Pulling the three parts together, here's what I'd tell the next team doing this, in rough order of how much grief each one saved or cost us:

• Make tokenization deterministic on day one. We got this right almost by luck, and it turned out to be the hinge for every clean-room collaboration. If your tokens aren't stable across parties and time, your privacy-preserving joins simply don't work. Decide it before you tokenize anything.
• Treat physical layout as part of the migration. Iceberg-on-S3 doesn't repeal pruning. The genomic tables only performed once clustered for the real access pattern, and the streaming path needed small-file minding. Budget design time for it.
• Wire identity through to the BI tool. Snowflake's governance only protects Power BI users if queries run as those users via SSO. The passthrough is the whole ballgame for regulated dashboards.
• Classification is a draft, not an answer. The auto-classifier is a great starting inventory and a poor final authority. A human reviews it, and the data contract (Part 2) is what keeps it honest afterwards.

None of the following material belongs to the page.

(* Let $\Gamma$ be a rationally metrised graph and $\mu\in\mathcal M^0(\Gamma)$. For any fixed rational vertex $b$, the function $f(x)=\langle x-b,\mu\rangle$ on rational vertices $x$ is piecewise polynomial with log poles on the half-edges, and $\Delta(f)=\mu$.
   Context: Rationally metrised graph: finite sets of vertices $V$, oriented edges $E$, half-edges $D$, source map $s$, fixed-point-free involution $e\mapsto e^{-1}$ on $E$, $t(e)=s(e^{-1})$, connected, lengths $\ell(e)=\ell(e^{-1})\in\mathbb Q_{>0}$; $E^+$ = unoriented edges. Rational vertices are points at rational distance along edges or half-edges; all constructions are compatible with subdividing edges at rational points, so rational vertices may be treated as vertices (and a vertex $x$ as the delta measure at $x$). A measure (piecewise polynomial with log poles on $D$) is a formal sum $\mu=\sum_{e\in E}g_e(s_e)|ds_e|+\sum_{v\in V}\lambda_v v+\sum_{e\in D}\lambda_e e$ with $g_e\in\mathbb Q[s_e]$, $g_{e^{-1}}(s)=g_e(\ell(e)-s)$, $\lambda_v,\lambda_e\in\mathbb Q$; $\mathcal M^0(\Gamma)$ consists of those with $\sum_{e\in E^+}\int_0^{\ell(e)}g_e+\sum_v\lambda_v+\sum_{e\in D}\lambda_e=0$. $\Omega_{\log}(\Gamma)$ is the space of functions $f$ on rational vertices whose restriction $f_e$ to each edge is a polynomial in arc length and to each half-edge an affine function. The Laplacian $\Delta\colon\Omega_{\log}\to\mathcal M(\Gamma)$ is $\Delta f=-\sum_{e\in E}f_e''|ds_e|-\sum_v\left(\sum_{s(e)=v}f_e'(0)\right)v+\sum_{e\in D}f'_e\,e$ (sum over edges and half-edges with source $v$). $\Delta$ has kernel the constants and image $\mathcal M^0(\Gamma)$. Integration: $\int f\,d\mu=\sum_{e\in E^+}\int_0^{\ell(e)}f_eg_e\,ds_e+\sum_v\lambda_vf(v)+\sum_{e\in D}\lambda_ef(s(e))$. Height pairing on $\mathcal M^0$: $\langle\mu,\nu\rangle=\int\Delta^{-1}(\mu)\,d\nu$ for any preimage $\Delta^{-1}(\mu)$ (independent of choice; symmetric). *)

theory Defs
  imports Main "HOL-Computational_Algebra.Polynomial"
begin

• Watch the AI and the consumption bill like the engineering costs they are. A Cortex function over a giant note corpus is a priced batch job; sample and measure first. Auto-suspend, per-workload warehouses, and resource monitors are not optional under a consumption model.

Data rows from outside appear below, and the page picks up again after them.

lemma min_scale_bounds:
  fixes eps :: ereal and t r :: real
  assumes "0 < eps" "t \<noteq> 0" "0 < r"
  defines "\<delta> \<equiv> real_of_ereal (min (2 * eps * ereal \<bar>t\<bar>) (ereal r))"
  shows "0 < \<delta>" "\<delta> \<le> r" "ereal (\<delta> / (2 * \<bar>t\<bar>)) \<le> eps"
    and "\<delta> = r \<or> (\<exists>\<epsilon>. eps = ereal \<epsilon> \<and> \<delta> = 2 * \<epsilon> * \<bar>t\<bar>)"
proof -
  have t: "0 < \<bar>t\<bar>" using assms(2) by simp
  have "0 < \<delta> \<and> \<delta> \<le> r \<and> ereal (\<delta> / (2 * \<bar>t\<bar>)) \<le> eps
      \<and> (\<delta> = r \<or> (\<exists>\<epsilon>. eps = ereal \<epsilon> \<and> \<delta> = 2 * \<epsilon> * \<bar>t\<bar>))"
  proof (cases eps)
    case (real \<epsilon>)
    have \<delta>: "\<delta> = min (2 * \<epsilon> * \<bar>t\<bar>) r" unfolding \<delta>_def real by (simp add: min_def)
    have "\<delta> / (2 * \<bar>t\<bar>) \<le> \<epsilon>" unfolding \<delta> using t by (simp add: divide_le_eq)
    then show ?thesis using assms t real by (auto simp: \<delta> min_def)
  next
    case PInf
    then have "\<delta> = r" using t by (simp add: \<delta>_def ereal_mult_infty)
    then show ?thesis using assms PInf by simp
  qed (use assms in simp)
  then show "0 < \<delta>" "\<delta> \<le> r" "ereal (\<delta> / (2 * \<bar>t\<bar>)) \<le> eps"
    "\<delta> = r \<or> (\<exists>\<epsilon>. eps = ereal \<epsilon> \<and> \<delta> = 2 * \<epsilon> * \<bar>t\<bar>)" by auto
qed

lemma (in prob_space) cmod_fbar_le_exp_min_scale:
  fixes X :: "nat \<Rightarrow> 'a \<Rightarrow> real" and \<theta> t L3 :: real and eps :: ereal
  assumes X: "\<And>k. k \<in> {1..n} \<Longrightarrow> X k \<in> borel_measurable M"
    "\<And>k. k \<in> {1..n} \<Longrightarrow> integrable M (X k)"
    "\<And>k. k \<in> {1..n} \<Longrightarrow> integrable M (\<lambda>\<omega>. (X k \<omega>)\<^sup>2)"
    "\<And>k. k \<in> {1..n} \<Longrightarrow> (LINT \<omega>|M. X k \<omega>) = 0"
    "(\<Sum>k\<in>{1..n}. LINT \<omega>|M. (X k \<omega>)\<^sup>2) = 1"
    and eps: "0 < eps" and tail: "\<And>z. 0 < z \<Longrightarrow> ereal z \<le> eps \<Longrightarrow> z * Ln M X n z \<le> L3"
    and \<theta>: "0 < \<theta>" "\<theta> < 2 * pi" and t: "t \<noteq> 0"
  defines "\<delta> \<equiv> real_of_ereal (min (2 * eps * ereal \<bar>t\<bar>) (ereal (sqrt (afun \<theta> / bfun \<theta>))))"
  shows "cmod (fbar M X n t)
    \<le> exp (- (afun \<theta> - 4 * (L3 * \<bar>t\<bar>) / \<delta> * (afun \<theta> + bfun \<theta> * \<delta>\<^sup>2)) * t\<^sup>2)"
proof -
  have "0 < sqrt (afun \<theta> / bfun \<theta>)" using afun_pos[OF \<theta>] bfun_pos[OF \<theta>] by simp
  note \<delta> = min_scale_bounds[OF eps t this, folded \<delta>_def]
  define e where "e = \<delta> / (2 * \<bar>t\<bar>)"
  have e: "0 < e" "2 * e * \<bar>t\<bar> \<le> sqrt (afun \<theta> / bfun \<theta>)"
    using \<delta>(1,2) t by (simp_all add: e_def)
  have tail_e: "z * Ln M X n z \<le> L3" if "0 < z" "z \<le> e" for z
  proof -
    have "ereal z \<le> ereal (\<delta> / (2 * \<bar>t\<bar>))" using that(2) by (simp add: e_def)
    then have "ereal z \<le> eps" using \<delta>(3) by (rule order.trans)
    then show ?thesis using tail that by blast
  qed
  have "cmod (fbar M X n t)
      \<le> exp (- (afun \<theta> - 2 * L3 / e * (afun \<theta> + 4 * bfun \<theta> * t\<^sup>2 * e\<^sup>2)) * t\<^sup>2)"
    by (rule cmod_fbar_le_exp_afun[OF X \<theta> e tail_e])
  also have "2 * L3 / e * (afun \<theta> + 4 * bfun \<theta> * t\<^sup>2 * e\<^sup>2)
      = 4 * (L3 * \<bar>t\<bar>) / \<delta> * (afun \<theta> + bfun \<theta> * \<delta>\<^sup>2)"
  proof -
    have "2 * \<bar>t\<bar> * e = \<delta>" using t by (simp add: e_def)
    then have "4 * t\<^sup>2 * e\<^sup>2 = \<delta>\<^sup>2" by (auto simp: power_mult_distrib)
    moreover have "2 * L3 / e = 4 * (L3 * \<bar>t\<bar>) / \<delta>" using t by (simp add: e_def)
    ultimately show ?thesis by (simp add: mult.assoc)
  qed
  finally show ?thesis .
qed

lemma (in prob_space) cmod_fbar_le_exp_k2:
  fixes X :: "nat \<Rightarrow> 'a \<Rightarrow> real" and L3 :: real and eps :: ereal
  assumes X: "\<And>k. k \<in> {1..n} \<Longrightarrow> X k \<in> borel_measurable M"
    "\<And>k. k \<in> {1..n} \<Longrightarrow> integrable M (X k)"
    "\<And>k. k \<in> {1..n} \<Longrightarrow> integrable M (\<lambda>\<omega>. (X k \<omega>)\<^sup>2)"
    "\<And>k. k \<in> {1..n} \<Longrightarrow> (LINT \<omega>|M. X k \<omega>) = 0"
    "(\<Sum>k\<in>{1..n}. LINT \<omega>|M. (X k \<omega>)\<^sup>2) = 1"
    and eps: "0 < eps" and tail: "\<And>z. 0 < z \<Longrightarrow> ereal z \<le> eps \<Longrightarrow> z * Ln M X n z \<le> L3"
  shows "cmod (fbar M X n t) \<le> exp (- real_of_ereal (k2 (L3 * \<bar>t\<bar>) (2 * eps * ereal \<bar>t\<bar>)) * t\<^sup>2)"
proof (cases "t = 0")
  case True
  then show ?thesis using cmod_fbar_le_1[OF X(1)] by simp
next
  case False
  define \<delta> where "\<delta> \<theta> = real_of_ereal (min (2 * eps * ereal \<bar>t\<bar>) (ereal (sqrt (afun \<theta> / bfun \<theta>))))"
    for \<theta>
  have "k2 (L3 * \<bar>t\<bar>) (2 * eps * ereal \<bar>t\<bar>) = (SUP \<theta>\<in>{0<..<2 * pi}.
      ereal (afun \<theta> - 4 * (L3 * \<bar>t\<bar>) / \<delta> \<theta> * (afun \<theta> + bfun \<theta> * (\<delta> \<theta>)\<^sup>2)))"
    unfolding k2_def
  proof (rule SUP_cong[OF refl])
    fix \<theta> assume "\<theta> \<in> {0<..<2 * pi}"
    then have "0 < sqrt (afun \<theta> / bfun \<theta>)" using afun_pos bfun_pos by simp
    then have "0 < \<delta> \<theta>" unfolding \<delta>_def using min_scale_bounds(1)[OF eps False] by blast
    then show "k3 (L3 * \<bar>t\<bar>) (real_of_ereal (min (2 * eps * ereal \<bar>t\<bar>)
        (ereal (sqrt (afun \<theta> / bfun \<theta>))))) \<theta>
      = ereal (afun \<theta> - 4 * (L3 * \<bar>t\<bar>) / \<delta> \<theta> * (afun \<theta> + bfun \<theta> * (\<delta> \<theta>)\<^sup>2))"
      unfolding k3_def \<delta>_def[symmetric] by simp
  qed
  moreover have "cmod (fbar M X n t) \<le> exp (- real_of_ereal (SUP \<theta>\<in>{0<..<2 * pi}.
      ereal (afun \<theta> - 4 * (L3 * \<bar>t\<bar>) / \<delta> \<theta> * (afun \<theta> + bfun \<theta> * (\<delta> \<theta>)\<^sup>2))) * t\<^sup>2)"
    using cmod_fbar_le_exp_min_scale[OF X eps tail _ _ False] cmod_fbar_le_1[OF X(1)] False
    by (intro le_exp_neg_SUP) (auto simp: \<delta>_def)
  ultimately show ?thesis by simp
qed

text \<open>The comparison of the k(\<tau>, u, \<theta>) exponent with the k(\<tau>) exponent, in the notation
  b = bfun \<theta>, r = sqrt (afun \<theta> / bfun \<theta>), s = L^3 |t| and \<delta> = min (2 \<epsilon> |t|) r.\<close>

lemma scaled_quartic_term_le:
  fixes b r \<delta> s \<tau> :: real
  assumes "0 < b" "0 < \<delta>" "\<delta> \<le> r" "r \<le> 2 * pi" "0 \<le> s" "s \<le> \<tau>"
    and "\<delta> = r \<or> 2 * pi * s \<le> \<tau> * \<delta>"
  shows "4 * s / \<delta> * (b * r\<^sup>2 + b * \<delta>\<^sup>2) \<le> 8 * \<tau> * (b * r)"
proof -
  have split: "4 * s / \<delta> * (b * r\<^sup>2 + b * \<delta>\<^sup>2) = 4 * b * r\<^sup>2 * (s / \<delta>) + 4 * (s * (b * \<delta>))"
    using assms(2) by (simp add: field_simps power2_eq_square)
  from assms(7) show ?thesis
  proof
    assume "\<delta> = r"
    then show ?thesis using assms by (simp add: split power2_eq_square mult_right_mono)
  next
    assume "2 * pi * s \<le> \<tau> * \<delta>"
    then have "s / \<delta> \<le> \<tau> / (2 * pi)" using assms(2) by (simp add: field_simps)
    then have "4 * b * r\<^sup>2 * (s / \<delta>) \<le> 4 * b * r\<^sup>2 * (\<tau> / (2 * pi))"
      using assms(1) by (intro mult_left_mono) auto
    also have "\<dots> = 2 * \<tau> * (b * r) * (r / pi)" by (simp add: field_simps power2_eq_square)
    also have "\<dots> \<le> 2 * \<tau> * (b * r) * 2"
      using assms by (intro mult_left_mono) (auto simp: divide_le_eq)
    finally have "4 * b * r\<^sup>2 * (s / \<delta>) \<le> 4 * \<tau> * (b * r)" by simp
    moreover have "s * (b * \<delta>) \<le> \<tau> * (b * r)"
      using assms by (intro mult_mono mult_left_mono) auto
    ultimately show ?thesis unfolding split by simp
  qed
qed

• Keep something interoperable. Choosing Iceberg over a closed format kept the bioinformatics Spark jobs alive and meant the migration was never an all-or-nothing bet. I'd make that choice again every time.

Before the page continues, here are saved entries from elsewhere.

(* Let $L\ge2$ and let $[0,1]^2=S_0\supset S_1\supset\cdots$ be such that each $S_n$ is the union of $L^n$ squares of $\mathcal{D}_n$, one from each column; let $\mathcal{S}_n=\{Q\in\mathcal{D}_n:Q\subset S_n\}$. There is a constant $C$ depending only on $L$ such that for all $n$ and all $i,j\in\{1,\dots,n\}$, \[ \#\bigl\{(Q,Q')\in\mathcal{S}_n\times\mathcal{S}_n:\ |x(Q)-x(Q')|\le L^{-i},\ |y(Q)-y(Q')|\ge L^{-j}\bigr\}\le C\,L^{2n+j-2i}. \]
   Context: $\mathcal{D}_n$ is the set of closed squares obtained by dividing $[0,1]^2$ into an $L^n\times L^n$ grid. For $Q\in\mathcal{D}_n$, $(x(Q),y(Q))$ denotes the lower-left corner of $Q$. *)

theory Defs
  imports Complex_Main
begin

definition grid_square :: "nat \<Rightarrow> nat \<Rightarrow> nat \<Rightarrow> nat \<Rightarrow> (real \<times> real) set" where
  "grid_square L n a b =
     {real a / real L ^ n .. (real a + 1) / real L ^ n} \<times>
     {real b / real L ^ n .. (real b + 1) / real L ^ n}"

definition gridD :: "nat \<Rightarrow> nat \<Rightarrow> (real \<times> real) set set" where
  "gridD L n = {grid_square L n a b | a b. a < L ^ n \<and> b < L ^ n}"

definition xQ :: "(real \<times> real) set \<Rightarrow> real" where
  "xQ Q = Inf (fst ` Q)"

definition yQ :: "(real \<times> real) set \<Rightarrow> real" where
  "yQ Q = Inf (snd ` Q)"

definition one_per_column :: "nat \<Rightarrow> nat \<Rightarrow> (real \<times> real) set \<Rightarrow> bool" where
  "one_per_column L n S \<longleftrightarrow>
     (\<exists>f. (\<forall>a<L ^ n. f a < L ^ n) \<and> S = (\<Union>a<L ^ n. grid_square L n a (f a)))"

end

theory Submission
  imports Defs
begin

text \<open>
  Write \<open>S n\<close> as the union of the squares with column \<open>a\<close> and row \<open>F n a\<close>. Since the
  \<open>S n\<close> decrease, the row functions are consistent, \<open>F n a div L^(n-k) = F k (a div L^(n-k))\<close>:
  columns in the same block of \<open>L^(n-k)\<close> columns have rows in the same block of \<open>L^(n-k)\<close> rows.
  The condition on \<open>x\<close> says the columns differ by at most \<open>D = L^(n-i)\<close>, the one on \<open>y\<close> that
  the rows differ by at least \<open>L^(n-j)\<close>. If \<open>i \<le> j\<close>, counting all close column pairs gives
  \<open>L^n (2D + 1) \<le> 3 L^(2n-i)\<close>. If \<open>i > j\<close>, put \<open>M = L^(n-j-1)\<close>: rows at distance
  \<open>L^(n-j) = L M\<close> lie in different \<open>M\<close>-blocks, hence so do the columns, and close column pairs
  straddling one of the \<open>L^(j+1)\<close> block boundaries number at most \<open>2 D\<^sup>2\<close> per boundary,
  for a total of \<open>2 L^(2n+j-2i+1)\<close>.
\<close>

lemma mem_grid_square:
  "(x, y) \<in> grid_square L n a b \<longleftrightarrow>
     x \<in> {real a / real L ^ n .. (real a + 1) / real L ^ n} \<and>
     y \<in> {real b / real L ^ n .. (real b + 1) / real L ^ n}"
  by (simp add: grid_square_def)

lemma xQ_grid_square: "0 < L \<Longrightarrow> xQ (grid_square L n a b) = real a / real L ^ n"
  by (simp add: xQ_def grid_square_def divide_right_mono)

lemma yQ_grid_square: "0 < L \<Longrightarrow> yQ (grid_square L n a b) = real b / real L ^ n"
  by (simp add: yQ_def grid_square_def divide_right_mono)

lemma midpoint_mem_grid_square:
  "0 < L \<Longrightarrow> ((real a + 1/2) / real L ^ n, (real b + 1/2) / real L ^ n) \<in> grid_square L n a b"
  by (simp add: mem_grid_square divide_right_mono)

lemma real_power_split:
  "k \<le> n \<Longrightarrow> real L ^ n = real L ^ k * real (L ^ (n - k))"
  by (simp flip: power_add)

lemma midpoint_in_coarse_interval_div:
  assumes "0 < L" "k \<le> n"
    and "(real u + 1/2) / real L ^ n \<in> {real c / real L ^ k .. (real c + 1) / real L ^ k}"
  shows "u div L ^ (n - k) = c"
proof -
  define M where "M = L ^ (n - k)"
  have pos: "real L ^ k > 0" "real M > 0" using assms(1) by (simp_all add: M_def)
  have "real c * real M \<le> real u + 1/2" "real u + 1/2 \<le> (real c + 1) * real M"
    using assms(3) pos unfolding real_power_split[OF assms(2)] M_def[symmetric]
    by (auto simp: divide_simps mult.assoc mult.left_commute[of _ "real L ^ k"])
  then have "real (c * M) < real u + 1" "real u < real (Suc c * M)"
    by (simp_all add: algebra_simps)
  then have "c * M \<le> u" "u < Suc c * M"
    by linarith+
  then show ?thesis
    unfolding M_def[symmetric] by (intro div_nat_eqI) (simp_all add: mult.commute)
qed

text \<open>Centres are used because neighbouring closed squares share their edges, whereas the
  centre of a square of generation \<open>n\<close> lies in a unique square of every coarser generation.\<close>

lemma midpoint_in_column_union:
  assumes "0 < L" "k \<le> n"
    and "((real a + 1/2) / real L ^ n, (real b + 1/2) / real L ^ n)
           \<in> (\<Union>c<L ^ k. grid_square L k c (f c))"
  shows "f (a div L ^ (n - k)) = b div L ^ (n - k)"
proof -
  obtain c where
    "((real a + 1/2) / real L ^ n, (real b + 1/2) / real L ^ n) \<in> grid_square L k c (f c)"
    using assms(3) by blast
  then have "a div L ^ (n - k) = c" "b div L ^ (n - k) = f c"
    using midpoint_in_coarse_interval_div[OF assms(1,2)] by (auto simp: mem_grid_square)
  then show ?thesis
    by simp
qed

lemma grid_squares_in_column_union:
  assumes "0 < L" "\<forall>a<L ^ n. f a < L ^ n"
  shows "{Q \<in> gridD L n. Q \<subseteq> (\<Union>a<L ^ n. grid_square L n a (f a))}
           = (\<lambda>a. grid_square L n a (f a)) ` {..<L ^ n}"
proof (intro equalityI subsetI)
  fix Q assume "Q \<in> {Q \<in> gridD L n. Q \<subseteq> (\<Union>a<L ^ n. grid_square L n a (f a))}"
  then obtain a b where "a < L ^ n" "Q = grid_square L n a b"
    and "Q \<subseteq> (\<Union>a<L ^ n. grid_square L n a (f a))"
    by (auto simp: gridD_def)
  moreover from this have "f a = b"
    using midpoint_in_column_union[OF assms(1) order_refl]
      midpoint_mem_grid_square[OF assms(1), of a n b] by fastforce
  ultimately show "Q \<in> (\<lambda>a. grid_square L n a (f a)) ` {..<L ^ n}"
    by blast
qed (use assms(2) in \<open>auto simp: gridD_def\<close>)

lemma column_heights_div_of_subset:
  assumes "0 < L" "k \<le> n" "a < L ^ n"
    and "(\<Union>a<L ^ n. grid_square L n a (g a)) \<subseteq> (\<Union>c<L ^ k. grid_square L k c (f c))"
  shows "g a div L ^ (n - k) = f (a div L ^ (n - k))"
  using midpoint_in_column_union[OF assms(1,2)] assms(3,4)
    midpoint_mem_grid_square[OF assms(1), of a n "g a"] by fastforce

lemma column_heights_respect_blocks:
  assumes "0 < L" "\<forall>n. S (Suc n) \<subseteq> S n"
    and "\<And>n. S n = (\<Union>a<L ^ n. grid_square L n a (F n a))"
    and "k \<le> n" "a < L ^ n" "a' < L ^ n" "a div L ^ (n - k) = a' div L ^ (n - k)"
  shows "F n a div L ^ (n - k) = F n a' div L ^ (n - k)"
proof -
  have "S n \<subseteq> S k"
    using lift_Suc_antimono_le[of S k n] assms(2,4) by blast
  then have columns_nested:
    "(\<Union>a<L ^ n. grid_square L n a (F n a)) \<subseteq> (\<Union>c<L ^ k. grid_square L k c (F k c))"
    using assms(3)[of n] assms(3)[of k] by simp
  show ?thesis
    using column_heights_div_of_subset[OF assms(1,4,5) columns_nested]
      column_heights_div_of_subset[OF assms(1,4,6) columns_nested] assms(7) by simp
qed

lemma abs_diff_grid_le_iff:
  assumes "0 < L" "i \<le> n"
  shows "\<bar>real a / real L ^ n - real a' / real L ^ n\<bar> \<le> 1 / real L ^ i
           \<longleftrightarrow> a \<le> a' + L ^ (n - i) \<and> a' \<le> a + L ^ (n - i)"
proof -
  have "\<bar>real a / real L ^ n - real a' / real L ^ n\<bar> \<le> 1 / real L ^ i
          \<longleftrightarrow> \<bar>real a - real a'\<bar> \<le> real (L ^ (n - i))"
    using assms by (simp add: real_power_split[OF assms(2)] divide_simps abs_divide
        flip: diff_divide_distrib)
  then show ?thesis by linarith
qed

lemma abs_diff_grid_ge_iff:
  assumes "0 < L" "j \<le> n"
  shows "1 / real L ^ j \<le> \<bar>real b / real L ^ n - real b' / real L ^ n\<bar>
           \<longleftrightarrow> b + L ^ (n - j) \<le> b' \<or> b' + L ^ (n - j) \<le> b"
proof -
  have "1 / real L ^ j \<le> \<bar>real b / real L ^ n - real b' / real L ^ n\<bar>
          \<longleftrightarrow> real (L ^ (n - j)) \<le> \<bar>real b - real b'\<bar>"
    using assms by (simp add: real_power_split[OF assms(2)] divide_simps abs_divide
        flip: diff_divide_distrib)
  then show ?thesis by linarith
qed

lemma card_pairs_image_le:
  assumes "finite A"
  shows "card {(x, y). x \<in> g ` A \<and> y \<in> g ` A \<and> R x y}
           \<le> card {(a, b). a \<in> A \<and> b \<in> A \<and> R (g a) (g b)}"
proof -
  have "{(x, y). x \<in> g ` A \<and> y \<in> g ` A \<and> R x y}
          = map_prod g g ` {(a, b). a \<in> A \<and> b \<in> A \<and> R (g a) (g b)}"
    by fastforce
  moreover have "finite {(a, b). a \<in> A \<and> b \<in> A \<and> R (g a) (g b)}"
    by (rule finite_subset[of _ "A \<times> A"]) (use assms in auto)
  ultimately show ?thesis
    by (simp add: card_image_le)
qed

lemma card_near_pairs_le:
  "card {(a, a'). a < N \<and> a' < N \<and> a \<le> a' + D \<and> a' \<le> a + D} \<le> N * (2 * D + 1)"
  (is "card ?P \<le> _")
proof -
  have "?P \<subseteq> (\<Union>a<N. {a} \<times> {a - D .. a + D})"
    by auto
  then have "card ?P \<le> card (\<Union>a<N. {a} \<times> {a - D .. a + D})"
    by (intro card_mono) auto
  also have "\<dots> \<le> (\<Sum>a<N. card ({a} \<times> {a - D .. a + D}))"
    by (rule card_UN_le) simp
  also have "\<dots> \<le> (\<Sum>a<N. 2 * D + 1)"
    by (intro sum_mono) simp
  finally show ?thesis by simp
qed

lemma less_add_if_div_eq:
  fixes x y M :: nat
  assumes "0 < M" "x div M = y div M"
  shows "x < y + M"
proof -
  have "x < M + y div M * M"
    using dividend_less_div_times[OF assms(1), of x] assms(2) by simp
  then show ?thesis
    using div_times_less_eq_dividend[of y M] by linarith
qed

lemma card_pairs_crossing_blocks_le:
  assumes "0 < M"
  shows "card {(a, a'). a < K * M \<and> a' < K * M \<and> a div M < a' div M \<and> a' \<le> a + D}
           \<le> K * (D * D)"
    (is "card ?C \<le> _")
proof -
  let ?U = "\<Union>m<K. {m * M - D ..< m * M} \<times> {m * M ..< m * M + D}"
  have "?C \<subseteq> ?U"
  proof clarify
    fix a a' assume pair: "a < K * M" "a' < K * M" "a div M < a' div M" "a' \<le> a + D"
    define m where "m = a' div M"
    have "a < m * M" "m * M \<le> a'" "m < K"
      using pair assms by (simp_all add: m_def div_less_iff_less_mult)
    with pair(4) show "(a, a') \<in> ?U"
      by (intro UN_I[of m]) auto
  qed
  then have "card ?C \<le> card ?U"
    by (intro card_mono) auto
  also have "\<dots> \<le> (\<Sum>m<K. card ({m * M - D ..< m * M} \<times> {m * M ..< m * M + D}))"
    by (rule card_UN_le) simp
  also have "\<dots> \<le> (\<Sum>m<K. D * D)"
    by (intro sum_mono) (auto simp: card_cartesian_product intro: mult_le_mono1)
  finally show ?thesis by simp
qed

lemma card_near_pairs_far_values_le:
  assumes "0 < M" "M \<le> E"
    and blocks: "\<And>a a'. a < K * M \<Longrightarrow> a' < K * M \<Longrightarrow> a div M = a' div M \<Longrightarrow>
                   f a div M = f a' div M"
  shows "card {(a, a'). a < K * M \<and> a' < K * M \<and> a \<le> a' + D \<and> a' \<le> a + D \<and>
                        (f a + E \<le> f a' \<or> f a' + E \<le> f a)}
           \<le> K * (2 * D * D)"
    (is "card ?P \<le> _")
proof -
  let ?C = "{(a, a'). a < K * M \<and> a' < K * M \<and> a div M < a' div M \<and> a' \<le> a + D}"
  have "?P \<subseteq> ?C \<union> prod.swap ` ?C"
  proof
    fix z assume "z \<in> ?P"
    then obtain a a' where z: "z = (a, a')"
      and a: "a < K * M" "a' < K * M" "a \<le> a' + D" "a' \<le> a + D"
      and far: "f a + E \<le> f a' \<or> f a' + E \<le> f a"
      by blast
    have "a div M \<noteq> a' div M"
    proof
      assume "a div M = a' div M"
      then have "f a div M = f a' div M"
        using blocks a(1,2) by blast
      then have "f a < f a' + M" "f a' < f a + M"
        using less_add_if_div_eq[OF assms(1)] by metis+
      with far assms(2) show False
        by linarith
    qed
    with a show "z \<in> ?C \<union> prod.swap ` ?C"
      unfolding z by (cases "a div M < a' div M") (auto simp: image_iff)
  qed
  moreover have "finite ?C"
    by (rule finite_subset[of _ "{..<K * M} \<times> {..<K * M}"]) auto
  ultimately have "card ?P \<le> card (?C \<union> prod.swap ` ?C)"
    by (intro card_mono) auto
  also have "\<dots> \<le> card ?C + card (prod.swap ` ?C)"
    by (rule card_Un_le)
  also have "\<dots> \<le> 2 * card ?C"
    using card_image_le[OF \<open>finite ?C\<close>, of prod.swap] by simp
  also have "\<dots> \<le> K * (2 * D * D)"
    using card_pairs_crossing_blocks_le[OF assms(1), of K D] by simp
  finally show ?thesis .
qed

• Version your models, not just your data. Putting the risk models in the Model Registry answered the "which version produced this number?" question before a regulator had to ask it.
• Treat the regulations as the design spec, not a review gate. The single biggest mindset shift: for clinicogenomic RWE, "is this defensible under HIPAA Expert Determination and, if it's going to FDA, fit-for-use and reproducible?" is a question you answer while you design, not one you bolt on before submission. A genome can't be Safe-Harbored, so the whole tokenization-and-clean-room posture exists because the compliance frame demanded it — build it in from the first table.

Was it worth it?

For this team, clearly yes — but I want to be precise about why, because "we moved to Snowflake" is not a reason. They didn't move for raw query speed; Redshift was fine, and as Part 1 showed, the compute line even went up. They moved because the platform made the safe path the easy path: PHI governed by policy instead of by habit, partner collaboration that doesn't move patient data, AI and genomics that run where the data already sits, and all of it on a lake they never had to relocate. The database swap was the least important thing that happened.

If you're staring at a similar AWS-native RWE estate and the friction is governance and collaboration rather than performance, the thing I'd push you to internalise is that you can change the engine, the governance model, and the sharing model without touching the data in S3. Once that clicked for this team, the rest of the decisions more or less made themselves.